[Exercise aim]: A single number is the whole answer: the tally of lines in the data below that include the word "meson".

(Stored records)
--- START ---
(* Consider a chore division instance satisfying Conditions 1 and 2. For every normalized price vector $p\in P$ and every $k\in[d]$, $\sum_{j\in B_k}p_j>0$.
   Context: Instance: agents $[n]$, chores $[m]$, disutility $d$, endowments $w_{i,j}\ge0$ (amount of chore $j$ owned by agent $i$), threshold $\tau$. The disutility graph $D$ is the bipartite graph with edge $\{i,j\}$ iff $d(i,j)<\tau$. Condition 1: $D$ is a disjoint union of complete bipartite graphs $D_1,\dots,D_d$ (its components), $D_k$ with agent set $A_k$ and chore set $B_k$. The exchange graph is the directed graph $W$ on $[d]$ with arc $(k,k')$ iff for every chore $b\in B_{k'}$ there is an agent $a\in A_k$ with $w_{a,b}>0$. Condition 2: $W$ is strongly connected. A normalized price vector is $p\in\mathbb{R}^m$ with $p_j\ge0$, $\sum_{j}p_j=1$, and $\sum_{i\in A_k}\sum_{j\in[m]}w_{i,j}p_j=\sum_{j\in B_k}p_j$ for every $k\in[d]$; $P$ is the set of such vectors. *)

theory Defs
  imports Complex_Main
begin

(* Agents are {1..n}, chores are {1..m}, components are indexed by {1..nd}.
   A k / B k are the agent / chore sets of component D_k. *)

definition disutility_edge :: "(nat \<Rightarrow> nat \<Rightarrow> real) \<Rightarrow> real \<Rightarrow> nat \<Rightarrow> nat \<Rightarrow> bool" where
  "disutility_edge dis tau i j \<longleftrightarrow> dis i j < tau"

(* Condition 1: the disutility graph D is the disjoint union of the complete bipartite
   graphs D_1..D_nd, which are its connected components. *)
definition condition1 ::
  "nat \<Rightarrow> nat \<Rightarrow> (nat \<Rightarrow> nat \<Rightarrow> real) \<Rightarrow> real \<Rightarrow> nat \<Rightarrow> (nat \<Rightarrow> nat set) \<Rightarrow> (nat \<Rightarrow> nat set) \<Rightarrow> bool" where
  "condition1 n m dis tau nd A B \<longleftrightarrow>
     (\<forall>k\<in>{1..nd}. A k \<subseteq> {1..n} \<and> B k \<subseteq> {1..m}) \<and>
     (\<forall>i\<in>{1..n}. \<exists>!k. k \<in> {1..nd} \<and> i \<in> A k) \<and>
     (\<forall>j\<in>{1..m}. \<exists>!k. k \<in> {1..nd} \<and> j \<in> B k) \<and>
     (\<forall>k\<in>{1..nd}. (A k \<noteq> {} \<and> B k \<noteq> {}) \<or> card (A k) + card (B k) = 1) \<and>
     (\<forall>i\<in>{1..n}. \<forall>j\<in>{1..m}.
        disutility_edge dis tau i j \<longleftrightarrow> (\<exists>k\<in>{1..nd}. i \<in> A k \<and> j \<in> B k))"

definition exchange_arcs ::
  "nat \<Rightarrow> (nat \<Rightarrow> nat \<Rightarrow> real) \<Rightarrow> (nat \<Rightarrow> nat set) \<Rightarrow> (nat \<Rightarrow> nat set) \<Rightarrow> (nat \<times> nat) set" where
  "exchange_arcs nd w A B =
     {(k, k'). k \<in> {1..nd} \<and> k' \<in> {1..nd} \<and> (\<forall>b\<in>B k'. \<exists>a\<in>A k. w a b > 0)}"

definition condition2 ::
  "nat \<Rightarrow> (nat \<Rightarrow> nat \<Rightarrow> real) \<Rightarrow> (nat \<Rightarrow> nat set) \<Rightarrow> (nat \<Rightarrow> nat set) \<Rightarrow> bool" where
  "condition2 nd w A B \<longleftrightarrow>
     (\<forall>k\<in>{1..nd}. \<forall>k'\<in>{1..nd}. (k, k') \<in> (exchange_arcs nd w A B)\<^sup>*)"

definition normalized_prices ::
  "nat \<Rightarrow> (nat \<Rightarrow> nat \<Rightarrow> real) \<Rightarrow> nat \<Rightarrow> (nat \<Rightarrow> nat set) \<Rightarrow> (nat \<Rightarrow> nat set) \<Rightarrow> (nat \<Rightarrow> real) set" where
  "normalized_prices m w nd A B =
     {p. (\<forall>j\<in>{1..m}. p j \<ge> 0) \<and> (\<Sum>j\<in>{1..m}. p j) = 1 \<and>
         (\<forall>k\<in>{1..nd}. (\<Sum>i\<in>A k. \<Sum>j\<in>{1..m}. w i j * p j) = (\<Sum>j\<in>B k. p j))}"

end

theory Submission
  imports Defs
begin

text \<open>The components whose chores carry positive total price are closed under predecessors
  in the exchange graph: an agent of the predecessor owns part of a positively priced chore,
  so its component earns a positive income, which the balance condition turns into a positive
  price of the predecessor's chores. Some component has positive price because the prices sum
  to one, and strong connectivity carries positivity back to every component.\<close>

lemma income_pos_if_endowments_cover_priced_chores:
  fixes w :: "nat \<Rightarrow> nat \<Rightarrow> real" and p :: "nat \<Rightarrow> real"
  assumes w_nonneg: "\<forall>i\<in>{1..n}. \<forall>j\<in>{1..m}. w i j \<ge> 0"
    and p_nonneg: "\<forall>j\<in>{1..m}. p j \<ge> 0"
    and agents: "I \<subseteq> {1..n}" and chores: "J \<subseteq> {1..m}"
    and cover: "\<forall>c\<in>J. \<exists>i\<in>I. w i c > 0"
    and priced: "(\<Sum>j\<in>J. p j) > 0"
  shows "(\<Sum>i\<in>I. \<Sum>j\<in>{1..m}. w i j * p j) > 0"
proof -
  obtain j where j: "j \<in> J" "p j > 0"
    using priced by (metis not_le sum_nonpos)
  then obtain i where i: "i \<in> I" "w i j > 0"
    using cover by blast
  have j_chore: "j \<in> {1..m}"
    using j chores by blast
  have finite_agents: "finite I"
    using agents finite_subset by blast
  have income_nonneg: "w i' j' * p j' \<ge> 0" if "i' \<in> I" "j' \<in> {1..m}" for i' j'
    using that agents w_nonneg p_nonneg by auto
  have "0 < w i j * p j"
    using i j by simp
  also have "\<dots> \<le> (\<Sum>j'\<in>{1..m}. w i j' * p j')"
    by (rule member_le_sum) (use j_chore income_nonneg i in auto)
  also have "\<dots> \<le> (\<Sum>i'\<in>I. \<Sum>j'\<in>{1..m}. w i' j' * p j')"
    by (rule member_le_sum) (use i finite_agents income_nonneg in \<open>auto intro: sum_nonneg\<close>)
  finally show ?thesis .
qed

lemma condition1_component_subsets:
  assumes "condition1 n m dis tau nd A B" and "k \<in> {1..nd}"
  shows "A k \<subseteq> {1..n}" and "B k \<subseteq> {1..m}"
  using assms unfolding condition1_def by simp_all

lemma exists_component_price_mass_pos:
  fixes p :: "nat \<Rightarrow> real"
  assumes cond1: "condition1 n m dis tau nd A B"
    and pP: "p \<in> normalized_prices m w nd A B"
  shows "\<exists>k\<in>{1..nd}. (\<Sum>j\<in>B k. p j) > 0"
proof -
  have p_nonneg: "\<forall>j\<in>{1..m}. p j \<ge> 0" and p_sum: "(\<Sum>j\<in>{1..m}. p j) = 1"
    using pP unfolding normalized_prices_def by auto
  have chores_covered: "\<forall>j\<in>{1..m}. \<exists>!k. k \<in> {1..nd} \<and> j \<in> B k"
    using cond1 unfolding condition1_def by (elim conjE)
  have "\<not> (\<forall>j\<in>{1..m}. p j \<le> 0)"
  proof
    assume "\<forall>j\<in>{1..m}. p j \<le> 0"
    then have "(\<Sum>j\<in>{1..m}. p j) \<le> 0"
      by (intro sum_nonpos) blast
    then show False
      using p_sum by simp
  qed
  then obtain j where j: "j \<in> {1..m}" "p j > 0"
    by (auto simp: not_le)
  then obtain k where k: "k \<in> {1..nd}" "j \<in> B k"
    using chores_covered by (meson ex1_implies_ex)
  have "B k \<subseteq> {1..m}"
    using condition1_component_subsets(2)[OF cond1 k(1)] .
  then have "p j \<le> (\<Sum>j'\<in>B k. p j')"
    using k(2) p_nonneg by (intro member_le_sum) (auto intro: finite_subset)
  then show ?thesis
    using k(1) j(2) by (meson less_le_trans)
qed

lemma price_mass_pos_along_exchange_arc:
  fixes p :: "nat \<Rightarrow> real"
  assumes endow_nonneg: "\<forall>i\<in>{1..n}. \<forall>j\<in>{1..m}. w i j \<ge> 0"
    and cond1: "condition1 n m dis tau nd A B"
    and pP: "p \<in> normalized_prices m w nd A B"
    and arc: "(a, b) \<in> exchange_arcs nd w A B"
    and priced: "(\<Sum>j\<in>B b. p j) > 0"
  shows "(\<Sum>j\<in>B a. p j) > 0"
proof -
  have a: "a \<in> {1..nd}" and b: "b \<in> {1..nd}" and cover: "\<forall>c\<in>B b. \<exists>i\<in>A a. w i c > 0"
    using arc unfolding exchange_arcs_def by auto
  have p_nonneg: "\<forall>j\<in>{1..m}. p j \<ge> 0"
    and balance: "(\<Sum>i\<in>A a. \<Sum>j\<in>{1..m}. w i j * p j) = (\<Sum>j\<in>B a. p j)"
    using pP a unfolding normalized_prices_def by auto
  have "(\<Sum>i\<in>A a. \<Sum>j\<in>{1..m}. w i j * p j) > 0"
    using income_pos_if_endowments_cover_priced_chores[OF endow_nonneg p_nonneg
        condition1_component_subsets(1)[OF cond1 a]
        condition1_component_subsets(2)[OF cond1 b] cover priced] .
  then show ?thesis
    using balance by simp
qed

theorem mainTheorem9:
  fixes n m nd :: nat
    and dis :: "nat \<Rightarrow> nat \<Rightarrow> real"
    and w :: "nat \<Rightarrow> nat \<Rightarrow> real"
    and tau :: real
    and A B :: "nat \<Rightarrow> nat set"
    and p :: "nat \<Rightarrow> real"
    and k :: nat
  assumes endow_nonneg: "\<forall>i\<in>{1..n}. \<forall>j\<in>{1..m}. w i j \<ge> 0"
    and cond1: "condition1 n m dis tau nd A B"
    and cond2: "condition2 nd w A B"
    and pP: "p \<in> normalized_prices m w nd A B"
    and k: "k \<in> {1..nd}"
  shows "(\<Sum>j\<in>B k. p j) > 0"
proof -
  obtain k' where k': "k' \<in> {1..nd}" "(\<Sum>j\<in>B k'. p j) > 0"
    using exists_component_price_mass_pos[OF cond1 pP] by blast
  have "(k, k') \<in> (exchange_arcs nd w A B)\<^sup>*"
    using cond2 k k'(1) unfolding condition2_def by blast
  then show ?thesis
  proof (induction rule: converse_rtrancl_induct)
    case base
    show ?case using k'(2) .
  next
    case (step a b)
    then show ?case
      using price_mass_pos_along_exchange_arc[OF endow_nonneg cond1 pP] by blast
  qed
qed

end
--- END ---
[Response to the exercise]: 2